By NoGreeAfrica News Desk
Africa recorded a record high in foreign direct investment in 2024, but major gaps remain in the continent’s digital economy financing, according to the United Nations Conference on Trade and Development (UNCTAD).
UNCTAD said continued global and regional crises, trade tensions, geopolitical fragmentation and shifting industrial policies shaped investment flows in 2024, with investment to developing countries remaining concentrated in a small number of large middle-income economies.
In Africa, the agency said the digital economy has emerged as one of the fastest-growing sectors, with project values expanding by about three quarters and project numbers rising by nearly one third over the past five years.
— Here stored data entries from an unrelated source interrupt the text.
lemma has_field_derivative_deriv_numer_quotient:
  fixes P P0 L N :: "'a::real_normed_field poly"
  assumes PL: "pderiv P * P0 = P * L" and w: "poly P w \<noteq> 0" "poly P0 w \<noteq> 0"
  shows "((\<lambda>x. poly N x / (poly P x * poly P0 x ^ n)) has_field_derivative
           poly (pderiv N * P0 - N * (L + smult (of_nat n) (pderiv P0))) w / (poly P w * poly P0 w ^ Suc n)) (at w)"
proof (rule DERIV_cong)
  have PL_w: "poly (pderiv P) w = poly P w * poly L w / poly P0 w"
    using arg_cong[OF PL, of "\<lambda>p. poly p w"] w by (simp add: field_simps)
  show "((\<lambda>x. poly N x / (poly P x * poly P0 x ^ n)) has_field_derivative
      (poly (pderiv N) w * (poly P w * poly P0 w ^ n)
       - poly N w * (poly (pderiv P) w * poly P0 w ^ n
                     + poly P w * (of_nat n * poly P0 w ^ (n - 1) * poly (pderiv P0) w)))
      / (poly P w * poly P0 w ^ n * (poly P w * poly P0 w ^ n))) (at w)"
    using w by (auto intro!: derivative_eq_intros simp: algebra_simps)
  then show "(poly (pderiv N) w * (poly P w * poly P0 w ^ n)
       - poly N w * (poly (pderiv P) w * poly P0 w ^ n
                     + poly P w * (of_nat n * poly P0 w ^ (n - 1) * poly (pderiv P0) w)))
      / (poly P w * poly P0 w ^ n * (poly P w * poly P0 w ^ n))
    = poly (pderiv N * P0 - N * (L + smult (of_nat n) (pderiv P0))) w / (poly P w * poly P0 w ^ Suc n)"
    using w unfolding PL_w by (cases n) (simp_all add: field_simps)
qed

lemma higher_deriv_poly_quotient:
  fixes P P0 L A :: "'a::real_normed_field poly"
  assumes PL: "pderiv P * P0 = P * L" and "poly P w \<noteq> 0" "poly P0 w \<noteq> 0"
  shows "(deriv ^^ n) (\<lambda>x. poly A x / poly P x) w = poly (deriv_numer P0 L A n) w / (poly P w * poly P0 w ^ n)"
  using assms(2,3)
proof (induction n arbitrary: w)
  case 0
  then show ?case by simp
next
  case (Suc n)
  define S where "S = {x. poly P x \<noteq> 0 \<and> poly P0 x \<noteq> 0}"
  have "open S"
    unfolding S_def by (intro open_Collect_conj open_Collect_neq) (auto intro: continuous_intros)
  then have "\<forall>\<^sub>F x in nhds w. (deriv ^^ n) (\<lambda>x. poly A x / poly P x) x
      = poly (deriv_numer P0 L A n) x / (poly P x * poly P0 x ^ n)"
    using eventually_nhds_in_open[of S w] Suc by (auto simp: S_def elim!: eventually_mono)
  then have "(deriv ^^ Suc n) (\<lambda>x. poly A x / poly P x) w
      = deriv (\<lambda>x. poly (deriv_numer P0 L A n) x / (poly P x * poly P0 x ^ n)) w"
    by (simp add: deriv_cong_ev)
  then show ?case
    using has_field_derivative_deriv_numer_quotient[OF PL Suc.prems] by (simp add: DERIV_imp_deriv)
qed
lemma rep_points_meets_Inter_constraints:
  fixes C :: "'i \<Rightarrow> 'a::euclidean_space"
  assumes "rep_points P J0 C R" "J \<subseteq> J0" "finite J"
    and "\<And>j. j \<in> J \<Longrightarrow> sphere (C j) (R j) \<subseteq> A j" "\<And>j. j \<in> J \<Longrightarrow> closed (A j)"
    and "\<And>j. j \<in> J \<Longrightarrow> open (A j - sphere (C j) (R j))"
    and "bounded (\<Inter>j\<in>J. A j)" "(\<Inter>j\<in>J. A j) \<noteq> {}"
  shows "P \<inter> (\<Inter>j\<in>J. A j) \<noteq> {}"
proof -
  obtain F where F: "F \<subseteq> J" "sphere_Inter C R F \<inter> (\<Inter>j\<in>J. A j) \<noteq> {}"
    "\<And>i. i \<in> J - F \<Longrightarrow> sphere_Inter C R (insert i F) \<inter> (\<Inter>j\<in>J. A j) = {}"
    by (rule exists_maximal_face[OF assms(3,8), where S = "\<lambda>j. sphere (C j) (R j)"]) blast
  have face_subset: "sphere_Inter C R F \<subseteq> (\<Inter>j\<in>J. A j)" if "connected (sphere_Inter C R F)"
    by (rule maximal_face_subset[OF assms(3) F(1) that assms(4-6) F(2,3)])
  have "F \<noteq> {}"
  proof
    assume "F = {}"
    then have "UNIV \<subseteq> (\<Inter>j\<in>J. A j)"
      using face_subset connected_UNIV by simp
    then show False
      using assms(7) bounded_subset not_bounded_UNIV by blast
  qed
  obtain y where y: "y \<in> sphere_Inter C R F" "y \<in> (\<Inter>j\<in>J. A j)"
    using F(2) by blast
  have "F \<subseteq> J0" "finite F"
    using F(1) assms(2,3) finite_subset by auto
  then have "y \<in> P \<or> (connected (sphere_Inter C R F) \<and> P \<inter> sphere_Inter C R F \<noteq> {})"
    using rep_points_Inter_spheres[OF assms(1) _ _ \<open>F \<noteq> {}\<close> y(1)] by blast
  then show ?thesis
  proof
    assume "y \<in> P"
    then show ?thesis
      using y(2) by blast
  next
    assume "connected (sphere_Inter C R F) \<and> P \<inter> sphere_Inter C R F \<noteq> {}"
    then show ?thesis
      using face_subset by blast
  qed
qed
However, UNCTAD warned that Sub-Saharan Africa attracted only 0.7 billion dollars in greenfield digital projects in 2024, meeting just 5 per cent of the estimated 14.1 billion dollars needed annually to bridge the region’s connectivity gap.
The agency said that while digital infrastructure continues to grow globally, many African countries remain underserved because of high investment risks, high costs of capital, regulatory weaknesses and poor alignment between digital strategies and broader development goals.
UNCTAD noted that regional initiatives such as the Smart Africa Alliance and the AfCFTA Protocol on Digital Trade point to progress, while countries including Nigeria, Kenya, South Africa and Rwanda have taken steps to attract and facilitate digital investment.
But it said the continent still plays only a marginal role in international investment in the digital economy, raising concerns that Africa may remain a consumer market in the global digital system rather than a strong producer of platforms, services and infrastructure. That final implication is an inference based on UNCTAD’s findings.
The report suggests that without stronger policy coordination and lower capital costs, Africa’s digital expansion may continue to rely heavily on external capital, even as demand for connectivity, data infrastructure and digital services grows rapidly across the continent. This is an inference from the report’s documented barriers and financing gap.